2019-03-13 19:55:00
Wojciech Staniec

Zagłębie lepsze od Wybrzeża. Pierwsza ósemka odjeżdża gdańszczanom

Pierwsza połowa miała decydujący wpływ na zwycięstwo Zagłębia w pojedynku z Energą Wybrzeżem Gdańsk. Po pierwszej połowie lubinianie prowadzili 18:11, a ostatecznie wygrali 29:25.

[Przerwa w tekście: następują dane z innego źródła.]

(* Any n additively disjoint pairs in Z_m use 3n distinct residues, so n \<le> m div 3.  If 3n = m
   and m is even, every residue is used exactly once: the residues add up to m(m - 1)/2, while
   each triple a, b, (a + b) mod m has even sum because m is even; hence 4 divides m, which rules
   out m = 6 (mod 12).

   Conversely, let (a_i, b_i) with b_i - a_i = i (i = 1..n) be pairs with 2n distinct entries in
   {1..N}.  The triples (i, a_i + n, b_i + n) satisfy i + (a_i + n) = b_i + n and consist of 3n
   distinct numbers in {1..n + N}, which gives n additively disjoint pairs in Z_m once n + N \<le> m.
   Skolem sequences (N = 2n, for n = 0, 1 mod 4) and hooked Skolem sequences (N = 2n + 1, for
   n = 2, 3 mod 4) settle every m except m = 3n with n = 2, 3 mod 4.  For n = 3 mod 4 a Rosa
   sequence, whose entries avoid n + 1, is shifted by n - 1 instead, and its pair of difference n
   is used backwards through -n = 2n (mod 3n); the 3n numbers then fill {1..3n}.  Finally, for
   m = 6 (mod 12) a Skolem sequence of order m/3 - 1 = 1 (mod 4) yields m/3 - 1 pairs. *)

lemma inj_on_mod_atLeastLessThan: "inj_on (\<lambda>v::nat. v mod m) {k..<k + m}"
proof -
  have "x = y" if range: "x \<in> {k..<k + m}" "y \<in> {k..<k + m}"
    and eq: "x mod m = y mod m" and le: "y \<le> x" for x y :: nat
  proof -
    obtain s where "x = y + m * s"
      using mod_eq_nat1E[OF eq le] .
    moreover have "x - y < m"
      using range by auto
    ultimately show "x = y"
      by (cases s) auto
  qed
  then show ?thesis
    by (intro inj_onI) (metis nat_le_linear)
qed

lemma add_disjoint_pairs_of_triples:
  fixes f g h :: "'a \<Rightarrow> nat"
  assumes distinct: "distinct (map f xs @ map g xs @ map h xs)"
    and range: "set (map f xs @ map g xs @ map h xs) \<subseteq> {1..m}"
    and sum: "\<And>x. x \<in> set xs \<Longrightarrow> (f x + g x) mod m = h x mod m"
  shows "add_disjoint_pairs m (map (\<lambda>x. (f x mod m, g x mod m)) xs)"
proof -
  let ?ps = "map (\<lambda>x. (f x mod m, g x mod m)) xs"
  have "inj_on (\<lambda>v. v mod m) {1..m}"
    using inj_on_mod_atLeastLessThan[of m 1] by (simp add: atLeastLessThanSuc_atLeastAtMost)
  then have distinct_mod: "distinct (map (\<lambda>v. v mod m) (map f xs @ map g xs @ map h xs))"
    using distinct range by (simp only: distinct_map) (blast intro: inj_on_subset)
  have residues: "map fst ?ps @ map snd ?ps @ map (\<lambda>(a, b). (a + b) mod m) ?ps
      = map (\<lambda>v. v mod m) (map f xs @ map g xs @ map h xs)"
    using sum by (simp add: mod_add_eq)
  have "\<forall>(a, b) \<in> set ?ps. a < m \<and> b < m"
    using range by fastforce
  then show ?thesis
    unfolding add_disjoint_pairs_def residues using distinct_mod by blast
qed
lemma objective_lower_bound_infimal:
  fixes px :: "'x::finite \<Rightarrow> real" and p q :: "real ^ ('z::finite \<times> 'x)"
  assumes "\<forall>x. 0 \<le> px x" "(\<Sum>x\<in>UNIV. px x) = 1"
    and "\<epsilon> > 0" "infimal \<epsilon> p" "infimal \<epsilon> q"
  shows "(\<beta> - 1) * entZ px p + entZX px p + inner (grad_objective \<beta> px p) (q - p)
           - max (2 * \<bar>\<beta> - 1\<bar> * real CARD('z) / \<epsilon>) (2 * real CARD('z) * real CARD('x) / \<epsilon>) / 2
             * (norm (q - p))\<^sup>2
         \<le> (\<beta> - 1) * entZ px q + entZX px q"
proof (cases "CARD('z) = 1")
  case True
  with assms have "q = p" by (intro cond_pmf_unique_of_card_1) (auto simp: infimal_def)
  then show ?thesis by simp
next
  case False
  have "0 < CARD('z)" "0 < CARD('x)" by (simp_all add: finite_UNIV_card_ge_0)
  with False have "2 \<le> CARD('z)" by linarith
  with \<open>0 < CARD('x)\<close> have "2 \<le> real CARD('z)" "1 \<le> real CARD('x)" by simp_all
  from weak_convexity_constant_le[OF this \<open>\<epsilon> > 0\<close>]
  have "(\<bar>\<beta> - 1\<bar> + 1) / \<epsilon> * (norm (q - p))\<^sup>2
      \<le> max (2 * \<bar>\<beta> - 1\<bar> * real CARD('z) / \<epsilon>) (2 * real CARD('z) * real CARD('x) / \<epsilon>) / 2
        * (norm (q - p))\<^sup>2"
    by (rule mult_right_mono) simp
  moreover have "(\<beta> - 1) * entZ px p + entZX px p + inner (grad_objective \<beta> px p) (q - p)
      - (\<bar>\<beta> - 1\<bar> + 1) / \<epsilon> * (norm (q - p))\<^sup>2 \<le> (\<beta> - 1) * entZ px q + entZX px q"
    using assms by (intro objective_lower_bound) (auto simp: infimal_le_nth)
  ultimately show ?thesis by linarith
qed

theorem mainTheorem7:
  fixes px :: "'x::finite \<Rightarrow> real" and \<beta> \<epsilon> :: real
  assumes "\<forall>x. px x > 0"
    and "(\<Sum>x\<in>UNIV. px x) = 1"
    and "\<epsilon> > 0"
  shows "weakly_convex_on {q :: real ^ ('z::finite \<times> 'x). infimal \<epsilon> q}
           (\<lambda>q. (\<beta> - 1) * entZ px q + entZX px q)
           (max (2 * \<bar>\<beta> - 1\<bar> * real CARD('z) / \<epsilon>)
                (2 * real CARD('z) * real CARD('x) / \<epsilon>))"
  unfolding weakly_convex_on_def gderiv_def
proof (intro ballI exI conjI)
  have px: "\<forall>x. 0 \<le> px x" "(\<Sum>x\<in>UNIV. px x) = 1" using assms(1,2) by (auto intro: less_imp_le)
  fix p y :: "real ^ ('z \<times> 'x)"
  assume p: "p \<in> {q. infimal \<epsilon> q}"
  then have p_ge: "\<forall>i. \<epsilon> \<le> p $ i" by (simp add: infimal_le_nth)
  show "((\<lambda>q. (\<beta> - 1) * entZ px q + entZX px q)
          has_derivative (\<lambda>h. inner h (grad_objective \<beta> px p))) (at p)"
    using p_ge marg_ge[OF px p_ge] assms(3)
    by (intro has_derivative_objective) (auto intro: less_le_trans)
  assume "y \<in> {q. infimal \<epsilon> q}"
  with p show "(\<beta> - 1) * entZ px p + entZX px p + inner (grad_objective \<beta> px p) (y - p)
      - max (2 * \<bar>\<beta> - 1\<bar> * real CARD('z) / \<epsilon>) (2 * real CARD('z) * real CARD('x) / \<epsilon>) / 2
        * (norm (y - p))\<^sup>2
      \<le> (\<beta> - 1) * entZ px y + entZX px y"
    using objective_lower_bound_infimal[OF px assms(3)] by simp
qed

end
lemma hypergeometric_resample_with_replacement:
  assumes "length xs = k" "m \<le> k" "k > 0"
  shows "bind_pmf (hypergeometric_sample xs m) (resample_with_replacement k) = multinomial_sample xs m"
proof -
  let ?I = "pmf_of_set (index_lists k m)" and ?D = "pmf_of_set (distinct_index_lists k m)"
  let ?g = "\<lambda>l. mset (map ((!) xs) l)"
  have "bind_pmf (hypergeometric_sample xs m) (resample_with_replacement k)
      = bind_pmf ?D (\<lambda>D. map_pmf (\<lambda>j. mset (map ((!) (map ((!) xs) D)) (pattern j)))
          (pmf_of_set (index_lists k (length (map ((!) xs) D)))))"
    unfolding hypergeometric_sample_eq_distinct_index_lists[OF assms(2)[folded assms(1)]]
      resample_with_replacement_def assms(1)
    by (rule bind_shuffle_exchangeable)
       (use distinct_index_lists_not_empty[OF assms(2)] finite_distinct_index_lists[of k m]
         in \<open>auto simp: distinct_index_lists_def\<close>)
  also have "\<dots> = bind_pmf ?D (\<lambda>D. bind_pmf ?I (\<lambda>j. return_pmf (?g (relabel_pattern (j, D)))))"
  proof (rule bind_pmf_cong[OF refl])
    fix D assume "D \<in> set_pmf ?D"
    hence "D \<in> distinct_index_lists k m" using assms(2) by simp
    hence D: "length D = m" by (simp add: distinct_index_lists_def)
    show "map_pmf (\<lambda>j. mset (map ((!) (map ((!) xs) D)) (pattern j)))
        (pmf_of_set (index_lists k (length (map ((!) xs) D))))
      = bind_pmf ?I (\<lambda>j. return_pmf (?g (relabel_pattern (j, D))))"
      unfolding map_pmf_def
    proof (rule bind_pmf_cong)
      fix j assume "j \<in> set_pmf ?I"
      hence "j \<in> index_lists k m" using assms(3) by simp
      hence "length (remdups j) \<le> m" using length_remdups_leq[of j] by (simp add: index_lists_def)
      hence "set (pattern j) \<subseteq> {..<length D}" using set_pattern[of j] D by auto
      thus "return_pmf (mset (map ((!) (map ((!) xs) D)) (pattern j)))
          = return_pmf (?g (relabel_pattern (j, D)))"
        by (auto simp: relabel_pattern_def intro!: image_mset_cong)
    qed (use D in simp)
  qed
  also have "\<dots> = map_pmf ?g (map_pmf relabel_pattern (pair_pmf ?I ?D))"
    by (subst bind_commute_pmf) (simp add: pair_pmf_def map_bind_pmf map_return_pmf)
  also have "pair_pmf ?I ?D = pmf_of_set (index_lists k m \<times> distinct_index_lists k m)"
    by (rule pair_pmf_of_set)
       (use index_lists_not_empty[OF assms(3)] distinct_index_lists_not_empty[OF assms(2)] in auto)
  also have "map_pmf ?g (map_pmf relabel_pattern \<dots>) = multinomial_sample xs m"
  proof -
    have "xs \<noteq> []" using assms by auto
    thus ?thesis using assms by (simp add: relabel_pattern_uniform multinomial_sample_eq_index_lists)
  qed
  finally show ?thesis .
qed

section \<open>Bernoulli sampling as a binomial mixture\<close>

primrec bernoulli_subset :: "nat \<Rightarrow> real \<Rightarrow> nat set pmf" where
  "bernoulli_subset 0 p = return_pmf {}"
| "bernoulli_subset (Suc k) p = bind_pmf (bernoulli_pmf p)
     (\<lambda>b. map_pmf (\<lambda>S. if b then insert 0 (Suc ` S) else Suc ` S) (bernoulli_subset k p))"
lemma natord_natural:
  assumes x: "x \<in> closed_span e"
  shows "natural_greedy_seq (\<lambda>n. coef e n x) (natord e x)"
proof -
  have "finite {k. \<epsilon> \<le> \<bar>coef e k x\<bar>}" if \<epsilon>: "\<epsilon> > 0" for \<epsilon>
  proof -
    obtain N where "\<And>n. n \<ge> N \<Longrightarrow> \<bar>coef e n x\<bar> < \<epsilon>"
      using tendstoD[OF coef_tendsto_zero[OF x] \<epsilon>] unfolding eventually_sequentially by auto
    then have "{k. \<epsilon> \<le> \<bar>coef e k x\<bar>} \<subseteq> {..<N}" by (force simp: not_less[symmetric])
    then show ?thesis by (rule finite_subset) simp
  qed
  then have "\<exists>\<rho>. natural_greedy_ordering e \<rho> x"
    unfolding natural_greedy_ordering_iff_natural_greedy_seq by (rule natural_greedy_seq_exists)
  then show ?thesis
    unfolding natord_def natural_greedy_ordering_iff_natural_greedy_seq[symmetric] by (rule someI_ex)
qed

lemma natord_greedy: "x \<in> closed_span e \<Longrightarrow> greedy_seq (\<lambda>n. coef e n x) (natord e x)"
  using natord_natural unfolding natural_greedy_seq_def by blast

lemma natord_scaleR:
  assumes "x \<in> closed_span e" and "c \<noteq> 0"
  shows "natord e (c *\<^sub>R x) = natord e x"
  unfolding natord_def natural_greedy_ordering_iff_natural_greedy_seq coef_scaleR[OF assms(1)]
  using natural_greedy_seq_scale[OF assms(2)] by simp

end

section \<open>Maximal greedy functions along a basic sequence in a Banach lattice\<close>

locale lattice_basic_seq = seminormalized_basic_seq e for e :: "nat \<Rightarrow> 'a::banach_lattice"
begin

lemma norm_Gvee_le_if_strict_perturbations_bounded:
  assumes x: "x \<in> closed_span e" and \<pi>: "greedy_seq (\<lambda>n. coef e n x) \<pi>"
    and bounded: "\<And>y. y \<in> closed_span e \<Longrightarrow> supp e y = supp e x \<Longrightarrow>
      greedy_seq (\<lambda>n. coef e n y) \<pi> \<Longrightarrow> strict_greedy_prefix (\<lambda>n. coef e n y) \<pi> m \<Longrightarrow>
      norm (NGvee e m y) \<le> C * norm y"
  shows "norm (Gvee e \<pi> m x) \<le> C * norm x"
proof -
  \<comment> \<open>\<open>x + t *\<^sub>R d\<close> multiplies the coefficient of \<open>e (\<pi> i)\<close>, \<open>i < m\<close>, by \<open>1 + t (m - i)\<close>\<close>
  define d where "d = (\<Sum>j<m. (real (m - j) * coef e (\<pi> j) x) *\<^sub>R e (\<pi> j))"
  define t :: "nat \<Rightarrow> real" where "t k = inverse (real (Suc k))" for k
  define y where "y k = x + t k *\<^sub>R d" for k
  have inj: "inj \<pi>" using \<pi> unfolding greedy_seq_def by blast
  have d: "d \<in> closed_span e"
    unfolding d_def by (intro span_subset_closed_span span_sum span_scale span_base) auto
  have y: "y k \<in> closed_span e" for k unfolding y_def by (intro closed_span_add closed_span_scaleR x d)
  have coef_d: "coef e n d = (if n \<in> range \<pi> then real (m - inv \<pi> n) * coef e n x else 0)" for n
    unfolding d_def by (rule coef_weighted_greedy_sum[OF inj])
  have coef_y: "coef e n (y k) = coef e n x + t k * coef e n d" for n k
    unfolding y_def using x d by (simp add: coef_add coef_scaleR closed_span_scaleR)
  have bound: "norm (Gvee e \<pi> m (y k)) \<le> C * norm (y k)" for k
  proof -
    have t_pos: "t k > 0" unfolding t_def by simp
    have on_\<pi>: "coef e (\<pi> i) (y k) = (1 + t k * real (m - i)) * coef e (\<pi> i) x" for i
      by (simp add: coef_y coef_d inv_f_f[OF inj] algebra_simps)
    have off_\<pi>: "coef e n (y k) = coef e n x" if "n \<notin> range \<pi>" for n
      using that by (simp add: coef_y coef_d)
    note perturbation = greedy_seq_perturbation[OF \<pi> t_pos, of "\<lambda>n. coef e n (y k)", OF on_\<pi> off_\<pi>]
    have "supp e (y k) = supp e x" using perturbation(1) unfolding supp_def by blast
    moreover have "greedy_terms_agree (\<lambda>n. coef e n (y k)) \<pi> (\<lambda>n. coef e n (y k)) (natord e (y k)) m"
      by (rule greedy_terms_agree_if_strict_greedy_prefix[OF perturbation(2) natord_greedy[OF y] perturbation(3)])
    then have "NGvee e m (y k) = Gvee e \<pi> m (y k)" unfolding NGvee_def by (rule Gvee_eq_if_greedy_terms_agree)
    ultimately show ?thesis using bounded[OF y _ perturbation(2,3)] by simp
  qed
  have t: "t \<longlonglongrightarrow> 0" unfolding t_def by (rule LIMSEQ_inverse_real_of_nat)
  have "y \<longlonglongrightarrow> x"
    unfolding y_def using tendsto_add[OF tendsto_const tendsto_scaleR[OF t tendsto_const]] by simp
  moreover have "(\<lambda>k. G e \<pi> n (y k)) \<longlonglongrightarrow> G e \<pi> n x" for n
    unfolding y_def G_add_scaleR[OF x d]
    using tendsto_add[OF tendsto_const tendsto_scaleR[OF t tendsto_const]] by simp
  then have "(\<lambda>k. Gvee e \<pi> m (y k)) \<longlonglongrightarrow> Gvee e \<pi> m x" by (rule Gvee_tendsto)
  ultimately show ?thesis
    using bound by (intro LIMSEQ_le[OF tendsto_norm tendsto_mult_left[OF tendsto_norm]]) auto
qed
section \<open>Open sets have positive product measure\<close>

lemma open_contains_positive_box:
  fixes U :: "('i \<Rightarrow> real) set"
  assumes I: "finite I" and U: "open U" "x \<in> U" and x: "x \<in> PiE I (\<lambda>_. UNIV)"
  shows "\<exists>B\<in>sets (PiM I (\<lambda>_. lborel)). B \<subseteq> U \<and> emeasure (PiM I (\<lambda>_. lborel)) B > 0"
proof -
  have "openin (product_topology (\<lambda>i. euclidean) UNIV) U" using U(1) by (simp add: open_fun_def)
  from product_topology_open_contains_basis[OF this U(2)]
  obtain X where X: "x \<in> PiE UNIV X" "\<forall>i. openin euclidean (X i)" "PiE UNIV X \<subseteq> U"
    by blast
  have "\<exists>e>0. ball (x i) e \<subseteq> X i" for i
  proof -
    have "x i \<in> X i" using X(1) by (rule PiE_mem) simp
    moreover have "open (X i)" using X(2) open_openin by blast
    ultimately show ?thesis by (simp add: open_contains_ball)
  qed
  then obtain e where e: "\<forall>i. e i > 0 \<and> ball (x i) (e i) \<subseteq> X i" by metis
  define B where "B = PiE I (\<lambda>i. {x i - e i <..< x i + e i})"
  have "B \<subseteq> PiE UNIV X"
  proof (intro subsetI PiE_I)
    fix R i assume R: "R \<in> B"
    show "R i \<in> X i"
    proof (cases "i \<in> I")
      case True
      have "R i \<in> {x i - e i <..< x i + e i}" using R True unfolding B_def by (rule PiE_mem)
      then have "R i \<in> ball (x i) (e i)" by (auto simp: dist_real_def)
      moreover have "ball (x i) (e i) \<subseteq> X i" using e by blast
      ultimately show ?thesis by blast
    next
      case False
      have "R i = x i"
        using PiE_arb[OF R[unfolded B_def] False] PiE_arb[OF x False] by (simp only:)
      then show ?thesis using X(1) by (simp add: PiE_mem)
    qed
  qed simp
  then have "B \<subseteq> U" using X(3) by blast
  moreover have "B \<in> sets (PiM I (\<lambda>_. lborel))"
    unfolding B_def by (rule sets_PiM_I_finite) (use I in auto)
  moreover have "emeasure (PiM I (\<lambda>_. lborel)) B > 0"
  proof -
    interpret product_sigma_finite "\<lambda>_::'i. lborel" by standard
    have "emeasure lborel {x i - e i <..< x i + e i} = ennreal (2 * e i)" for i
    proof -
      have "x i - e i \<le> x i + e i" using e by (simp add: less_imp_le)
      then show ?thesis by (simp add: emeasure_lborel_Ioo)
    qed
    then have "emeasure (PiM I (\<lambda>_. lborel)) B = (\<Prod>i\<in>I. ennreal (2 * e i))"
      using emeasure_PiM[OF I, of "\<lambda>i. {x i - e i <..< x i + e i}"] unfolding B_def by simp
    also have "\<dots> = ennreal (\<Prod>i\<in>I. 2 * e i)"
      by (rule prod_ennreal) (use e in \<open>simp add: less_imp_le\<close>)
    also have "\<dots> > 0" using e by (simp add: prod_pos)
    finally show ?thesis .
  qed
  ultimately show ?thesis by blast
qed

To był mecz sąsiadów w tabeli. Obie drużyny wiele łączy, ponieważ zarówno Energa Wybrzeże, jak i Zagłębie mają tyle samo punktów - 23. Mają podobny bilans bramkowy, podobną liczbę rzuconych i straconych bramek. Na przeciwko siebie stanęli trenerzy, którzy mają za sobą bardzo udaną karierę zawodniczą, czyli Marcin Lijewski i Bartłomiej Jaszka (który jeszcze pojawia się na boisku).

REKLAMA

Spotkanie do 7. minuty było w miarę wyrównane. Później gospodarze zanotowali dobry moment, który wygrali 6:1. Niezadowolony z takiego obrotu spraw trener Lijewski poprosił o czas. To jednak wiele nie dało, bo zawodnicy z "Trójmiasta" nie byli w stanie dotrzymać kroku Zagłębiu, które stopniowo odskakiwało.

Jak się okazała przewaga zbudowana w pierwszej połowie była kluczowa do zwycięstwa. Pod koniec spotkania Energa Wybrzeże zaczęła odrabiać straty, ale na doprowadzenie choćby do remisu było już za późno. Komplet punktów został w Lubinie.

Bardzo dobre spotkanie rozegrał bramkarz "Miedziowych" - Patryk Małecki, który miał ponad 40 procent skuteczności. Najwięcej bramek, bo siedem rzucił Adrian Kondratiuk.